**Saved entries**

#####

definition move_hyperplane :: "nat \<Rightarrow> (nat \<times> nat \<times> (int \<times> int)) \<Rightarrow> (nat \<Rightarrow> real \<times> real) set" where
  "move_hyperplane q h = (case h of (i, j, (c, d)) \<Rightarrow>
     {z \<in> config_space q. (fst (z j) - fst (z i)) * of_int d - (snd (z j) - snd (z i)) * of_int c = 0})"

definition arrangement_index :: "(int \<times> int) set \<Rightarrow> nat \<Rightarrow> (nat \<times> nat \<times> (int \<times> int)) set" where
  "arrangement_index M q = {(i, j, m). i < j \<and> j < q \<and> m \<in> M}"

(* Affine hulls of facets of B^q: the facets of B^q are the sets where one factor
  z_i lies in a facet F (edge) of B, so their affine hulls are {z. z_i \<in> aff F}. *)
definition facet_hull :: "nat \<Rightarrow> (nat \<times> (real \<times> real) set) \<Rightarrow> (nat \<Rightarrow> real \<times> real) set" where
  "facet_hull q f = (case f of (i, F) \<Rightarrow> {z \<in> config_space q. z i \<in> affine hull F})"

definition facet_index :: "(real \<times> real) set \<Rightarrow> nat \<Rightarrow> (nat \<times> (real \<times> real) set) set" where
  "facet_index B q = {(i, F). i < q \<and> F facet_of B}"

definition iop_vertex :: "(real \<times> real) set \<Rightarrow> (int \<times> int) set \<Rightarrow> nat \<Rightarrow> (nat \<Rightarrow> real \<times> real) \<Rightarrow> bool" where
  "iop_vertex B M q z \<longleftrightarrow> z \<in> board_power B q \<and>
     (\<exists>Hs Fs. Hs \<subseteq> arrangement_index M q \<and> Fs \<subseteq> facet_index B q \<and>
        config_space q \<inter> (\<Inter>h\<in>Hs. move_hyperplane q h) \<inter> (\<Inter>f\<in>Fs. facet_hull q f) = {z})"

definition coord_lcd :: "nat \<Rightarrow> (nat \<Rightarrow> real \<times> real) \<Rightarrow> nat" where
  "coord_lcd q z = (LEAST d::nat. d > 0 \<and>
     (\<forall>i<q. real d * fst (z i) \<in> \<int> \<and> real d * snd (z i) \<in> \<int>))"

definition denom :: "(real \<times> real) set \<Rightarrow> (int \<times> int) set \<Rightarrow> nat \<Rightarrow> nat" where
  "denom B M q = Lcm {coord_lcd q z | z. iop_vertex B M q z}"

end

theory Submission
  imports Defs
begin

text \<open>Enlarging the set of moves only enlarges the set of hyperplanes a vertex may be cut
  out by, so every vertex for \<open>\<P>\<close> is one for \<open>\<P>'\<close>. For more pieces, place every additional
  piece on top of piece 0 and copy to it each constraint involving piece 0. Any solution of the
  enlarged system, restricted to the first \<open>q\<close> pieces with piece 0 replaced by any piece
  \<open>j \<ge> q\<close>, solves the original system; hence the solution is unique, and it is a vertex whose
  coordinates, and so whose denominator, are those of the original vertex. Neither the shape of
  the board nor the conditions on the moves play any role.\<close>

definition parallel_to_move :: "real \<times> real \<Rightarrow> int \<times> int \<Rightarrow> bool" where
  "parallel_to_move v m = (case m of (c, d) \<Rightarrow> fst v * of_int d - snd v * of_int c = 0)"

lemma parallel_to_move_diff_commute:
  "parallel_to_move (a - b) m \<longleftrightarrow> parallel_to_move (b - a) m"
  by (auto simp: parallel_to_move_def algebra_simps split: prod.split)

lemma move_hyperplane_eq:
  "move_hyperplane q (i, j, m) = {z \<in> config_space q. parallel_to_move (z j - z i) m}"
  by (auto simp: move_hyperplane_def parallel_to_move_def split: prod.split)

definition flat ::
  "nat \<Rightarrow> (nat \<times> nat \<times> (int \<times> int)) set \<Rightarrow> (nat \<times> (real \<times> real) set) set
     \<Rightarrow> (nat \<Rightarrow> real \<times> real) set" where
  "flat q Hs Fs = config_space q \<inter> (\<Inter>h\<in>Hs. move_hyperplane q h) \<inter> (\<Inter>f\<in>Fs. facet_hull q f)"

#####

**Your task**
The complete data is to be transcribed verbatim.

**Answer section**
definition move_hyperplane :: "nat \<Rightarrow> (nat \<times> nat \<times> (int \<times> int)) \<Rightarrow> (nat \<Rightarrow> real \<times> real) set" where
  "move_hyperplane q h = (case h of (i, j, (c, d)) \<Rightarrow>
     {z \<in> config_space q. (fst (z j) - fst (z i)) * of_int d - (snd (z j) - snd (z i)) * of_int c = 0})"

definition arrangement_index :: "(int \<times> int) set \<Rightarrow> nat \<Rightarrow> (nat \<times> nat \<times> (int \<times> int)) set" where
  "arrangement_index M q = {(i, j, m). i < j \<and> j < q \<and> m \<in> M}"

(* Affine hulls of facets of B^q: the facets of B^q are the sets where one factor
  z_i lies in a facet F (edge) of B, so their affine hulls are {z. z_i \<in> aff F}. *)
definition facet_hull :: "nat \<Rightarrow> (nat \<times> (real \<times> real) set) \<Rightarrow> (nat \<Rightarrow> real \<times> real) set" where
  "facet_hull q f = (case f of (i, F) \<Rightarrow> {z \<in> config_space q. z i \<in> affine hull F})"

definition facet_index :: "(real \<times> real) set \<Rightarrow> nat \<Rightarrow> (nat \<times> (real \<times> real) set) set" where
  "facet_index B q = {(i, F). i < q \<and> F facet_of B}"

definition iop_vertex :: "(real \<times> real) set \<Rightarrow> (int \<times> int) set \<Rightarrow> nat \<Rightarrow> (nat \<Rightarrow> real \<times> real) \<Rightarrow> bool" where
  "iop_vertex B M q z \<longleftrightarrow> z \<in> board_power B q \<and>
     (\<exists>Hs Fs. Hs \<subseteq> arrangement_index M q \<and> Fs \<subseteq> facet_index B q \<and>
        config_space q \<inter> (\<Inter>h\<in>Hs. move_hyperplane q h) \<inter> (\<Inter>f\<in>Fs. facet_hull q f) = {z})"

definition coord_lcd :: "nat \<Rightarrow> (nat \<Rightarrow> real \<times> real) \<Rightarrow> nat" where
  "coord_lcd q z = (LEAST d::nat. d > 0 \<and>
     (\<forall>i<q. real d * fst (z i) \<in> \<int> \<and> real d * snd (z i) \<in> \<int>))"

definition denom :: "(real \<times> real) set \<Rightarrow> (int \<times> int) set \<Rightarrow> nat \<Rightarrow> nat" where
  "denom B M q = Lcm {coord_lcd q z | z. iop_vertex B M q z}"

end

theory Submission
  imports Defs
begin

text \<open>Enlarging the set of moves only enlarges the set of hyperplanes a vertex may be cut
  out by, so every vertex for \<open>\<P>\<close> is one for \<open>\<P>'\<close>. For more pieces, place every additional
  piece on top of piece 0 and copy to it each constraint involving piece 0. Any solution of the
  enlarged system, restricted to the first \<open>q\<close> pieces with piece 0 replaced by any piece
  \<open>j \<ge> q\<close>, solves the original system; hence the solution is unique, and it is a vertex whose
  coordinates, and so whose denominator, are those of the original vertex. Neither the shape of
  the board nor the conditions on the moves play any role.\<close>

definition parallel_to_move :: "real \<times> real \<Rightarrow> int \<times> int \<Rightarrow> bool" where
  "parallel_to_move v m = (case m of (c, d) \<Rightarrow> fst v * of_int d - snd v * of_int c = 0)"

lemma parallel_to_move_diff_commute:
  "parallel_to_move (a - b) m \<longleftrightarrow> parallel_to_move (b - a) m"
  by (auto simp: parallel_to_move_def algebra_simps split: prod.split)

lemma move_hyperplane_eq:
  "move_hyperplane q (i, j, m) = {z \<in> config_space q. parallel_to_move (z j - z i) m}"
  by (auto simp: move_hyperplane_def parallel_to_move_def split: prod.split)

definition flat ::
  "nat \<Rightarrow> (nat \<times> nat \<times> (int \<times> int)) set \<Rightarrow> (nat \<times> (real \<times> real) set) set
     \<Rightarrow> (nat \<Rightarrow> real \<times> real) set" where
  "flat q Hs Fs = config_space q \<inter> (\<Inter>h\<in>Hs. move_hyperplane q h) \<inter> (\<Inter>f\<in>Fs. facet_hull q f)"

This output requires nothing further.